## Collected data:
━━━━━━━━━━━━━━━━

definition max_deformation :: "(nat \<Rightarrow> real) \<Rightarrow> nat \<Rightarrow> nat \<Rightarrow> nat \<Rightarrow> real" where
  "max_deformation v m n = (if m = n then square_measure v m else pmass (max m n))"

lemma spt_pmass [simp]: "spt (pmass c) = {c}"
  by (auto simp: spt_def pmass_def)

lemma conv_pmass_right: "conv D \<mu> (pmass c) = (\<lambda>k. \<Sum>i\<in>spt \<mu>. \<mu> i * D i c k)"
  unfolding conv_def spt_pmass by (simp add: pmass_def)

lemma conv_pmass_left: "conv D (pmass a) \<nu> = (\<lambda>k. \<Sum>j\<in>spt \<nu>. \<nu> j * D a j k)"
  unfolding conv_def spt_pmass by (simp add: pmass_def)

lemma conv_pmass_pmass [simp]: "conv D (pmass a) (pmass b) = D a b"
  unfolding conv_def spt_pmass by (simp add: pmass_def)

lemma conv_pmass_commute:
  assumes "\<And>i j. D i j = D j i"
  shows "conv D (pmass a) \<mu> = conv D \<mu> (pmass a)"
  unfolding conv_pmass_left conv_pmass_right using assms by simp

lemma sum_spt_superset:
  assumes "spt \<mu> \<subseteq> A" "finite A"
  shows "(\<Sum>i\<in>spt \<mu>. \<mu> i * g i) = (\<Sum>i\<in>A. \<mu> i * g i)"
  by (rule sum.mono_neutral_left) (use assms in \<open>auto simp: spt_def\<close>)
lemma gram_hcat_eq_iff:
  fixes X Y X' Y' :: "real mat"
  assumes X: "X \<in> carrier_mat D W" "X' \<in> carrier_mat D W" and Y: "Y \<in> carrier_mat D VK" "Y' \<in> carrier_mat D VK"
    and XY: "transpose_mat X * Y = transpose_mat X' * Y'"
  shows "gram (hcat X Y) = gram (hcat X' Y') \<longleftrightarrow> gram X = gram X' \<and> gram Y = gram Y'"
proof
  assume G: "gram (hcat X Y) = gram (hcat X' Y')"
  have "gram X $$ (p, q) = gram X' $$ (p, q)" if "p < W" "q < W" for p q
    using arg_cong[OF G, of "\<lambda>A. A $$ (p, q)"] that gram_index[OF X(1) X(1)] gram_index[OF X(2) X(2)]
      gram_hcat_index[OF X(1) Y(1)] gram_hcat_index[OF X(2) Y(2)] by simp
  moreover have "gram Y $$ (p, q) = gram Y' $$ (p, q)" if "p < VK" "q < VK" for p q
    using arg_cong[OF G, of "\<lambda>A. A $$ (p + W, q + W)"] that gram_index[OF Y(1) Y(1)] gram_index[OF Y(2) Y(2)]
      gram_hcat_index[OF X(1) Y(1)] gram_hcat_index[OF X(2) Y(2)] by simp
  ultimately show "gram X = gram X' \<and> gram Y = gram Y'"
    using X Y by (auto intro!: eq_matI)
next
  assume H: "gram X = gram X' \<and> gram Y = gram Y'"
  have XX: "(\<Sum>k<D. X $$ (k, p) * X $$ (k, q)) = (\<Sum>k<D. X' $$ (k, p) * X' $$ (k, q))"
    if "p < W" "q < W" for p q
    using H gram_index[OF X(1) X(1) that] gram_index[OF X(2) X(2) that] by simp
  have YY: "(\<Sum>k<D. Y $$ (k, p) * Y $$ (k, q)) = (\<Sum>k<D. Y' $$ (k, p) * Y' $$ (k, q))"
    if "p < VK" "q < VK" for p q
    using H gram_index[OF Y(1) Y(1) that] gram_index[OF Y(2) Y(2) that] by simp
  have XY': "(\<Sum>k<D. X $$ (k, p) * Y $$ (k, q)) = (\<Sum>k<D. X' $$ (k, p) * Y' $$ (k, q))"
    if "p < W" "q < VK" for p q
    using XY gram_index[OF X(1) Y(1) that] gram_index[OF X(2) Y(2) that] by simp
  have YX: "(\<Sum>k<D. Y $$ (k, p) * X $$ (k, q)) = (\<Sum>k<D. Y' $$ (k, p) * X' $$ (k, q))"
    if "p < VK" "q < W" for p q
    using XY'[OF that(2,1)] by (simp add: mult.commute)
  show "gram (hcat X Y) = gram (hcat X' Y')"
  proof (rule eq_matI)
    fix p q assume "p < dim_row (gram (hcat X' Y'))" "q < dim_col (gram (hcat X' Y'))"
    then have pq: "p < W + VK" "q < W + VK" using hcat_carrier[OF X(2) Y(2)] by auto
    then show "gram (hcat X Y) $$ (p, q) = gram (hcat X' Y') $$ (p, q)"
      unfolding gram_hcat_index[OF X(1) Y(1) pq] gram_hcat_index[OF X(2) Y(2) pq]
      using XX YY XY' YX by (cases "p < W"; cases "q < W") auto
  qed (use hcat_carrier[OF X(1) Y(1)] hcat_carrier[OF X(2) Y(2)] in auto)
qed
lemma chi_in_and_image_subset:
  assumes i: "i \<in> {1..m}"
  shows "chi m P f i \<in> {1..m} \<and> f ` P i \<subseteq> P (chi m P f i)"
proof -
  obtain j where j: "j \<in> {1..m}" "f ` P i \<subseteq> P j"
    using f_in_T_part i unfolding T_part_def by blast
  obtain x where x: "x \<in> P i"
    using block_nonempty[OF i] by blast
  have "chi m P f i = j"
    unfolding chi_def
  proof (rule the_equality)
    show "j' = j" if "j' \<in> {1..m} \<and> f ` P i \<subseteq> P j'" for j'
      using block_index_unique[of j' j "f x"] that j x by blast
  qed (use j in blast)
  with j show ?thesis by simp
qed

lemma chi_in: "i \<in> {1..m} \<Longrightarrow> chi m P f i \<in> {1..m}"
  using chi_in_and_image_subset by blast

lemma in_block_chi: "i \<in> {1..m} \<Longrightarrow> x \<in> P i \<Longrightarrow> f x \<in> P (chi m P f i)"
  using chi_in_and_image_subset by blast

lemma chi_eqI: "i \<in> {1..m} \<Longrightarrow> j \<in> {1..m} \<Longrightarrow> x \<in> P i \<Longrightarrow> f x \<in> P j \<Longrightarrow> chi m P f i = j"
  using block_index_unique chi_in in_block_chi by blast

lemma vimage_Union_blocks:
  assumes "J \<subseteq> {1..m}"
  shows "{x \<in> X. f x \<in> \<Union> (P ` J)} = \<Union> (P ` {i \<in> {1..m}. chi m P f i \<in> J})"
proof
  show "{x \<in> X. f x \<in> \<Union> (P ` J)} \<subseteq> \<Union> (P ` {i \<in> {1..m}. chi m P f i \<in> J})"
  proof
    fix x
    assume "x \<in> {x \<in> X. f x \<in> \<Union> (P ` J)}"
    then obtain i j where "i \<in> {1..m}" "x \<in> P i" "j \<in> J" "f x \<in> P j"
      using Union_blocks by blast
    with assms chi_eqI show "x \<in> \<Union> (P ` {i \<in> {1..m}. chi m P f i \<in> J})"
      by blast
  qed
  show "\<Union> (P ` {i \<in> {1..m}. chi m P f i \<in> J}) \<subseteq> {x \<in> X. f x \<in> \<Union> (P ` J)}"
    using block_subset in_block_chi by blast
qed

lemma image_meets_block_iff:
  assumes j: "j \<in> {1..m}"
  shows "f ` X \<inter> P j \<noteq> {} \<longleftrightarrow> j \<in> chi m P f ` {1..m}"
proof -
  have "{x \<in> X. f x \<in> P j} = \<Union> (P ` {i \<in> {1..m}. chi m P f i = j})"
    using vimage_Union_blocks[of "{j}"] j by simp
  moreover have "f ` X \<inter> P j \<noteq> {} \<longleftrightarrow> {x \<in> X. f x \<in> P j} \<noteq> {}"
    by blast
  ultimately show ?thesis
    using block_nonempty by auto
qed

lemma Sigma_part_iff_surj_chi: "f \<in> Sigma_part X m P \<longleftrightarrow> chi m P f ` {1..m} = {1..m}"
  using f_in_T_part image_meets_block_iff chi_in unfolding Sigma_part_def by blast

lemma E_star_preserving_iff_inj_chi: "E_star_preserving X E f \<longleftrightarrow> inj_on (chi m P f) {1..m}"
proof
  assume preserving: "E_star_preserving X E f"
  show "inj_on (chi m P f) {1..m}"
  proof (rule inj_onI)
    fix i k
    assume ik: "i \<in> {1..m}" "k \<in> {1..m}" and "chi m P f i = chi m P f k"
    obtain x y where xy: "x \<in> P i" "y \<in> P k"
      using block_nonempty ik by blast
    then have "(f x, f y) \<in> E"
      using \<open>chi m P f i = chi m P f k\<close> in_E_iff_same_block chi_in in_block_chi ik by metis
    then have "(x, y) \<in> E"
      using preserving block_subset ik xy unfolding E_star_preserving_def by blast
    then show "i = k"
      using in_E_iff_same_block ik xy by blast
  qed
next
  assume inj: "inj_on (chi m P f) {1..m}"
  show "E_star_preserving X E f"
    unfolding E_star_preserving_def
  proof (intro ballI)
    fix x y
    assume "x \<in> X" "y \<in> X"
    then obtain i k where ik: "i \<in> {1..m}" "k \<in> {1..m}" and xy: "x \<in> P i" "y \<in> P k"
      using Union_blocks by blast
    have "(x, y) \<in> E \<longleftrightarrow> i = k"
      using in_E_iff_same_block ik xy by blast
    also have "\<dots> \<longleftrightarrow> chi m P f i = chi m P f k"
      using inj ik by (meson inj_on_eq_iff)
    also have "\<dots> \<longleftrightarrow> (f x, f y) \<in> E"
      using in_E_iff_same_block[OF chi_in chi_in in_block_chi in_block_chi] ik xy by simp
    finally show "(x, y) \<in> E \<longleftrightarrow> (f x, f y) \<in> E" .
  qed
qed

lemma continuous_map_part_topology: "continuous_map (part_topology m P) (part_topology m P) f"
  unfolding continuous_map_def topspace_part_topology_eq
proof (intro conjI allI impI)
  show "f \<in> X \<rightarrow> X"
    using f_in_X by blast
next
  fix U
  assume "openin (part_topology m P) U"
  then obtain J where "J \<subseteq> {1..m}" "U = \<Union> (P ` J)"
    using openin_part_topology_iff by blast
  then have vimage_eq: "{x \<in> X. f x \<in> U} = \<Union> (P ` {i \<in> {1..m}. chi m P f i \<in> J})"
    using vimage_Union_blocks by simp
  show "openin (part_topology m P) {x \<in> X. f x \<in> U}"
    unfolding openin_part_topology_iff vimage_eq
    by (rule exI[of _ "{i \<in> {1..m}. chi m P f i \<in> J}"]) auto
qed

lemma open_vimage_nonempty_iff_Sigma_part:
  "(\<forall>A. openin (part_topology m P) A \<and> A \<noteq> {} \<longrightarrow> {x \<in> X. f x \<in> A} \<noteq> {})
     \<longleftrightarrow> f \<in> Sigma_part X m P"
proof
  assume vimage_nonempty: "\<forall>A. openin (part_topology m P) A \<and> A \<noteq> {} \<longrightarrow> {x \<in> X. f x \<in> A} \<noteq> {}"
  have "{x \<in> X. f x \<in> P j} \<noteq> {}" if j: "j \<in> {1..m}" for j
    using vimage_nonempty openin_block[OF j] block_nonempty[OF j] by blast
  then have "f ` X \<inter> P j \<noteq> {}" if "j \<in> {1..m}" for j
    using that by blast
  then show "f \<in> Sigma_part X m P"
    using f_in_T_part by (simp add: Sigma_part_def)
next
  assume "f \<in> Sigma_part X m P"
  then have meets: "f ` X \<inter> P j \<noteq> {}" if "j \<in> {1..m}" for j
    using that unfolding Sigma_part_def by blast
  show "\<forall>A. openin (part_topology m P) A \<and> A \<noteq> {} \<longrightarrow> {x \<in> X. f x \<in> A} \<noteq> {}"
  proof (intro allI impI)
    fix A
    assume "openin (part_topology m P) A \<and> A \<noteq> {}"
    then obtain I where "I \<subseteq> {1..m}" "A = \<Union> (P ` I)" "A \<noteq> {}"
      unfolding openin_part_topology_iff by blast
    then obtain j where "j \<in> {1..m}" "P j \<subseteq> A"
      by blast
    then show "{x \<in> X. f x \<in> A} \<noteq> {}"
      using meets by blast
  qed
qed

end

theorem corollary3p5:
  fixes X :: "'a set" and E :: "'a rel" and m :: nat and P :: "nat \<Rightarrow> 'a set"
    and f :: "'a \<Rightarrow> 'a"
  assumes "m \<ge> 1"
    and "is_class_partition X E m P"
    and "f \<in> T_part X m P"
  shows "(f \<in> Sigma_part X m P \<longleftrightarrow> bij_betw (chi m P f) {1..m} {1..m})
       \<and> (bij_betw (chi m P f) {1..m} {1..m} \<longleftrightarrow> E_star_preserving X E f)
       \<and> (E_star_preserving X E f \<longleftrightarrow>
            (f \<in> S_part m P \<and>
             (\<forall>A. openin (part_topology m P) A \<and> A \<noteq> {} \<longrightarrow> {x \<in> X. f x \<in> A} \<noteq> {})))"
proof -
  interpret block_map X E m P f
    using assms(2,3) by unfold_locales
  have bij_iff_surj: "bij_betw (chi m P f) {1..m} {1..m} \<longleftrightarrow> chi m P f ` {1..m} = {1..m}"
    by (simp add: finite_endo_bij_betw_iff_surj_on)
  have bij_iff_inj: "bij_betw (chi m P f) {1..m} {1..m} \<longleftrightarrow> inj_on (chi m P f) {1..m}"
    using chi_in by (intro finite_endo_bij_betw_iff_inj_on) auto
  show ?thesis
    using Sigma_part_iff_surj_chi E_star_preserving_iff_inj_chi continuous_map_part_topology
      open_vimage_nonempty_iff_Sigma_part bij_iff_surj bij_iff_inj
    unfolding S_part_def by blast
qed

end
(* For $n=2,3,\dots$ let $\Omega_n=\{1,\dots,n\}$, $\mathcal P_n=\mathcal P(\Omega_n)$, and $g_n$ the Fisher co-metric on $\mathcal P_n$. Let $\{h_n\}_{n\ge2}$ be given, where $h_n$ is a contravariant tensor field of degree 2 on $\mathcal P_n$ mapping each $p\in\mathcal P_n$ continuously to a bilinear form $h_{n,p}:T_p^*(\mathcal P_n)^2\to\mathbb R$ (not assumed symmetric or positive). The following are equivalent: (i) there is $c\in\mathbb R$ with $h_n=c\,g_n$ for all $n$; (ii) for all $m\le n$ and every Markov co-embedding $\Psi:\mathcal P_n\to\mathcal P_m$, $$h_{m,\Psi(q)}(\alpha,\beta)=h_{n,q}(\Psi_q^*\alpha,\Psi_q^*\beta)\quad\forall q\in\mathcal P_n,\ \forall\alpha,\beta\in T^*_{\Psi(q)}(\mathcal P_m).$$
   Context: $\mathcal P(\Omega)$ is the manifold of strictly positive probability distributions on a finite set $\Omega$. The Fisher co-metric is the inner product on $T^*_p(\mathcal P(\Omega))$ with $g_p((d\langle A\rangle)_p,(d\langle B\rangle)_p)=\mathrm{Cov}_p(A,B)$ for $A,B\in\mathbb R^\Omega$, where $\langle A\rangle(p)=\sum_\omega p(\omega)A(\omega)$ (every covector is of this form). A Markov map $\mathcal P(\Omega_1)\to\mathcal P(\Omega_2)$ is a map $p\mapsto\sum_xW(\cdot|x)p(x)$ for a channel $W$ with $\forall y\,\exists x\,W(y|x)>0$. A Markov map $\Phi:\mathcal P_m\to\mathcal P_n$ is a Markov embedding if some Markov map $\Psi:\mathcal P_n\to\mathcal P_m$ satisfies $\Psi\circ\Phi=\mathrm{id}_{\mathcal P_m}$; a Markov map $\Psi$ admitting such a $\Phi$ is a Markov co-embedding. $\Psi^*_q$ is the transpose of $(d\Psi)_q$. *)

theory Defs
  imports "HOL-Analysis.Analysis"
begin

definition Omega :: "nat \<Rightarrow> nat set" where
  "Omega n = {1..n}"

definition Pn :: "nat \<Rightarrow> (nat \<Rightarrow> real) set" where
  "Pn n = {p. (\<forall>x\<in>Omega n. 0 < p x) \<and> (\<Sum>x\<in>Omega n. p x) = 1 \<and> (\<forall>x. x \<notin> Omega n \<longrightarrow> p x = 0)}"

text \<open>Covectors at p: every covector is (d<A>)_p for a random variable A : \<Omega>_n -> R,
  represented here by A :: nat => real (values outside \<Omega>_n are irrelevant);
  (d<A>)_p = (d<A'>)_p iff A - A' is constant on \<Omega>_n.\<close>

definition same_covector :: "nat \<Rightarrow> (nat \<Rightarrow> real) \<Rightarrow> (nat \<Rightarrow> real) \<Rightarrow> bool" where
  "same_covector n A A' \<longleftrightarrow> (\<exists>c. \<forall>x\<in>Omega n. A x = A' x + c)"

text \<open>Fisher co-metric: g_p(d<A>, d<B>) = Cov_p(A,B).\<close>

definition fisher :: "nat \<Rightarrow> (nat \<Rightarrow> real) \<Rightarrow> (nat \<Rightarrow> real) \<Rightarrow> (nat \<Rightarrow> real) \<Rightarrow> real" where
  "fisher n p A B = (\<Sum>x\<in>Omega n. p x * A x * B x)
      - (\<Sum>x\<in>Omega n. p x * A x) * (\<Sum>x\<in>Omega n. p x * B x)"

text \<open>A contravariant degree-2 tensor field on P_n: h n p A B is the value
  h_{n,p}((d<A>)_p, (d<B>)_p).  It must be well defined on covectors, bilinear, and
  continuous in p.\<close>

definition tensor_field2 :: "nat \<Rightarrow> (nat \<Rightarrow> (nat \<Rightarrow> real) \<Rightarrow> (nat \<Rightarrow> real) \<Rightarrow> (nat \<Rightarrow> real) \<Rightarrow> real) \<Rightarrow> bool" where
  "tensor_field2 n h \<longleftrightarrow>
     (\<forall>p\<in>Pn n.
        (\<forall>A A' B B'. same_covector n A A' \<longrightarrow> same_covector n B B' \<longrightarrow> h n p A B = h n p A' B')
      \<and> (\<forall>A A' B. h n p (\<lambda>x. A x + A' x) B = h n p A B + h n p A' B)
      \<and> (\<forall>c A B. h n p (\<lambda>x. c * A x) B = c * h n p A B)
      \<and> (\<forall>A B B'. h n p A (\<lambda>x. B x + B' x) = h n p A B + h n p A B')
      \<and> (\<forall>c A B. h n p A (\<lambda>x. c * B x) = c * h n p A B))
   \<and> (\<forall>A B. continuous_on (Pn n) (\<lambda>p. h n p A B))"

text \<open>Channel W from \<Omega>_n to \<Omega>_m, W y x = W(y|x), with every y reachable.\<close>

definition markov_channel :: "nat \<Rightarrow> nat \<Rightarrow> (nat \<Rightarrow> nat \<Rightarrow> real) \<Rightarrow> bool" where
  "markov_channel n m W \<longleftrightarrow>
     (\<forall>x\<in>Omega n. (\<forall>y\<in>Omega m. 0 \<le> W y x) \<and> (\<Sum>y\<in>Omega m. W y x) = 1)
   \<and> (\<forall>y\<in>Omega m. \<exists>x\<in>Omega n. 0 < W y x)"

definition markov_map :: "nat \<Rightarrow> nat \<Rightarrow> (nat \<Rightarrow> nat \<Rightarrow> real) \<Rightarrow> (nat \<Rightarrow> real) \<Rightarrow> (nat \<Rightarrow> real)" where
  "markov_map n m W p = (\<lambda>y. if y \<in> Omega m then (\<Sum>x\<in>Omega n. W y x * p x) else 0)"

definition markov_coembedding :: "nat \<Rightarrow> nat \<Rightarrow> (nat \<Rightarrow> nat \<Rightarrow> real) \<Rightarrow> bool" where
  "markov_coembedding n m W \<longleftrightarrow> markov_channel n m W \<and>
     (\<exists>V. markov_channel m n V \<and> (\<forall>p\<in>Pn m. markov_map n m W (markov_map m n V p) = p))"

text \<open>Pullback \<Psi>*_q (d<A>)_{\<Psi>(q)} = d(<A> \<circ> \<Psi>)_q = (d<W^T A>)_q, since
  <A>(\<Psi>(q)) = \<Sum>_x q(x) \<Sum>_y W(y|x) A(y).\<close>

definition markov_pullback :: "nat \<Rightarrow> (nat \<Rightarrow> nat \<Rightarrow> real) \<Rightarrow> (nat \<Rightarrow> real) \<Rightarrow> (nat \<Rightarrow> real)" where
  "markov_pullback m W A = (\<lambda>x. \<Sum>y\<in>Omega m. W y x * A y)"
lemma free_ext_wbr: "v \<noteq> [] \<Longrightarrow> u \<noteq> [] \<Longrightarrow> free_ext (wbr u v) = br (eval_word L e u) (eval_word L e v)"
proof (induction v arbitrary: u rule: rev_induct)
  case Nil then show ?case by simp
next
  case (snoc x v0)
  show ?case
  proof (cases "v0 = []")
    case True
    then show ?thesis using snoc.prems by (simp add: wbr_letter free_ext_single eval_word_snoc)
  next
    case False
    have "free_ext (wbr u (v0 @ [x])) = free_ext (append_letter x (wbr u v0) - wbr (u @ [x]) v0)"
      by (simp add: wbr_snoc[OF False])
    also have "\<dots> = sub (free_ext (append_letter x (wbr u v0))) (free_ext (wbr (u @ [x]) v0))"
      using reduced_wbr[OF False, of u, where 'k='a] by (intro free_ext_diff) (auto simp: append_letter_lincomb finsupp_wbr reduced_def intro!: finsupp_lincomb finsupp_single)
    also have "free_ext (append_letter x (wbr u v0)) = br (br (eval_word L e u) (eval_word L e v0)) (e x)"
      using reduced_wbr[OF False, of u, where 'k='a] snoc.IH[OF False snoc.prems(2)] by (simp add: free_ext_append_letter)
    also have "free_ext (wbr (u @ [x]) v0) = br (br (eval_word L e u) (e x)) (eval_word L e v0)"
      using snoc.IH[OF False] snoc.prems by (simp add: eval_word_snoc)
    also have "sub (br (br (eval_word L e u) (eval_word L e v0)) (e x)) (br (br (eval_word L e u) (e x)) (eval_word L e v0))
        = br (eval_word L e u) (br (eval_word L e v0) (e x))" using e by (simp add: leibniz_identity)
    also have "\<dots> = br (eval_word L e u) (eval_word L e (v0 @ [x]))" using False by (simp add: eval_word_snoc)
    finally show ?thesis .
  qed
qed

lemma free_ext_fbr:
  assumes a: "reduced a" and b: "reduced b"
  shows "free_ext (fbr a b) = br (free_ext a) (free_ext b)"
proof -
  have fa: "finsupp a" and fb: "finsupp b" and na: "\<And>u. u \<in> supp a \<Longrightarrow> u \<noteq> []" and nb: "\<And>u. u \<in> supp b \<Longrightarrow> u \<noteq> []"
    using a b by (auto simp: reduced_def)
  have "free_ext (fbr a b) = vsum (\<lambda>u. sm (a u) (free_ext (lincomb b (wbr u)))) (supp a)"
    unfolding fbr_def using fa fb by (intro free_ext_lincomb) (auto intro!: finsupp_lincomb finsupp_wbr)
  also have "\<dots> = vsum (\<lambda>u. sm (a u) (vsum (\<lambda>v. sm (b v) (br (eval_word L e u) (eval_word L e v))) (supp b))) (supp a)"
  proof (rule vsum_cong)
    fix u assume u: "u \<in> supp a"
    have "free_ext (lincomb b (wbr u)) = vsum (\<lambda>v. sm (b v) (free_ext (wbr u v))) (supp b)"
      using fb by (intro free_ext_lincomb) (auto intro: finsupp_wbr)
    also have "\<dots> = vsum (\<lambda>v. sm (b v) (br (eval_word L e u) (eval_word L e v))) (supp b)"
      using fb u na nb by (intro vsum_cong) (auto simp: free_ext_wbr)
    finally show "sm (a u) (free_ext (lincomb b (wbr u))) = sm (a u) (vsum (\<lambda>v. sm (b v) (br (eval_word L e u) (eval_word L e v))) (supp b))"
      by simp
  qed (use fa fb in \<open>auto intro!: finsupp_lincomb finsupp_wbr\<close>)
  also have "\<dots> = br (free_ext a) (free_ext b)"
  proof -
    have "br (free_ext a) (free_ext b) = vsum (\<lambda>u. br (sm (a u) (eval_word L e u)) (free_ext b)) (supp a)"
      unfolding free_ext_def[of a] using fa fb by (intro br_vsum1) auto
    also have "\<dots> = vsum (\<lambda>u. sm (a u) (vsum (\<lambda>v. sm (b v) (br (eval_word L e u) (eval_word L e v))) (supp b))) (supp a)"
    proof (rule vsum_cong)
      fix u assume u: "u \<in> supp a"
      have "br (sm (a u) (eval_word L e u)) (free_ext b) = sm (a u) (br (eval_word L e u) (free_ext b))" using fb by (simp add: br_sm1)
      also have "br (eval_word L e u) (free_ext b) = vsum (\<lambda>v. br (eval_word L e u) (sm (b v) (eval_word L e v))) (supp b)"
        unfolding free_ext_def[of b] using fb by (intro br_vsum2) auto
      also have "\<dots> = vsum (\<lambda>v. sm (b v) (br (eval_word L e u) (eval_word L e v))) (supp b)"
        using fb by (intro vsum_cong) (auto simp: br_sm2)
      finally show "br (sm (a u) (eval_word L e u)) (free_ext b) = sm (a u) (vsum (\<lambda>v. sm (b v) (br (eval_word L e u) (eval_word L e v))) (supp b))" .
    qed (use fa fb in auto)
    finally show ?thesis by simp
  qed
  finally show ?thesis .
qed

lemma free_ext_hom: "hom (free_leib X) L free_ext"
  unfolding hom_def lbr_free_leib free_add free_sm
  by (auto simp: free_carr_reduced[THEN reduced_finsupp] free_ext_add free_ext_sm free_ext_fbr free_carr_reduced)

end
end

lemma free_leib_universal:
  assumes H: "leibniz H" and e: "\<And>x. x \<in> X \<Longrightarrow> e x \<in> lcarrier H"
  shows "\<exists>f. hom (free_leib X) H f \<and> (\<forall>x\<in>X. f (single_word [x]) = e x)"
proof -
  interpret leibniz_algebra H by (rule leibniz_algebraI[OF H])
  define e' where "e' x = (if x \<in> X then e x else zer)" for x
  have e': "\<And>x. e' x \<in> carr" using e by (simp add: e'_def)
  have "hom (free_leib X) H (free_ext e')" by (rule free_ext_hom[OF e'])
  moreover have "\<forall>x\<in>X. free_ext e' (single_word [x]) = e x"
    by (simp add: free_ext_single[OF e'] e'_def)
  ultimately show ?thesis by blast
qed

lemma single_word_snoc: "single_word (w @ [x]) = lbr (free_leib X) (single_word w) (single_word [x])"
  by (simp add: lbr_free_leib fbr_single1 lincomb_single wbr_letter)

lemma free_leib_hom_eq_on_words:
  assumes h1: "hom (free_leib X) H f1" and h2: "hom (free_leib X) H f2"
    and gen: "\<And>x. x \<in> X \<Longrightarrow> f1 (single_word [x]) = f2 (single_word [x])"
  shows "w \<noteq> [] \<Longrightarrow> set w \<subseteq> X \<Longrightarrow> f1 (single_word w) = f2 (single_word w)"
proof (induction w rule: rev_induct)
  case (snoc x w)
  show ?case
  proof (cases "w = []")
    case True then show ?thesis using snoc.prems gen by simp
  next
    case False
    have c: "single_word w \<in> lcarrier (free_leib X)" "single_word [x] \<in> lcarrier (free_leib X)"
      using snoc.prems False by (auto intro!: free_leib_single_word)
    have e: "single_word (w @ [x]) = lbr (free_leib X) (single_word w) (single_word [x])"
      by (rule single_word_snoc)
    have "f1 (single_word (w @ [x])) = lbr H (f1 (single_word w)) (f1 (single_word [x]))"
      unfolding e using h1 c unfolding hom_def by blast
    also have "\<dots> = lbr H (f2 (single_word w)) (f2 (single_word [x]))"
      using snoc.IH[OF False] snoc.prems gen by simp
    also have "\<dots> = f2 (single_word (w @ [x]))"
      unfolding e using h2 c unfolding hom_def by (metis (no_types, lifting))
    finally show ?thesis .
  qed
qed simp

━━━━━━━━━━━━━━━━

Exact duplication is required for the lines above, from the line that contains "qed (use fa fb in auto)" to the line that contains "(rule free_ext_hom[OF e'])", inclusive; omit all others.

## Result:
    qed (use fa fb in auto)
    finally show ?thesis by simp
  qed
  finally show ?thesis .
qed

lemma free_ext_hom: "hom (free_leib X) L free_ext"
  unfolding hom_def lbr_free_leib free_add free_sm
  by (auto simp: free_carr_reduced[THEN reduced_finsupp] free_ext_add free_ext_sm free_ext_fbr free_carr_reduced)

end
end

lemma free_leib_universal:
  assumes H: "leibniz H" and e: "\<And>x. x \<in> X \<Longrightarrow> e x \<in> lcarrier H"
  shows "\<exists>f. hom (free_leib X) H f \<and> (\<forall>x\<in>X. f (single_word [x]) = e x)"
proof -
  interpret leibniz_algebra H by (rule leibniz_algebraI[OF H])
  define e' where "e' x = (if x \<in> X then e x else zer)" for x
  have e': "\<And>x. e' x \<in> carr" using e by (simp add: e'_def)
  have "hom (free_leib X) H (free_ext e')" by (rule free_ext_hom[OF e'])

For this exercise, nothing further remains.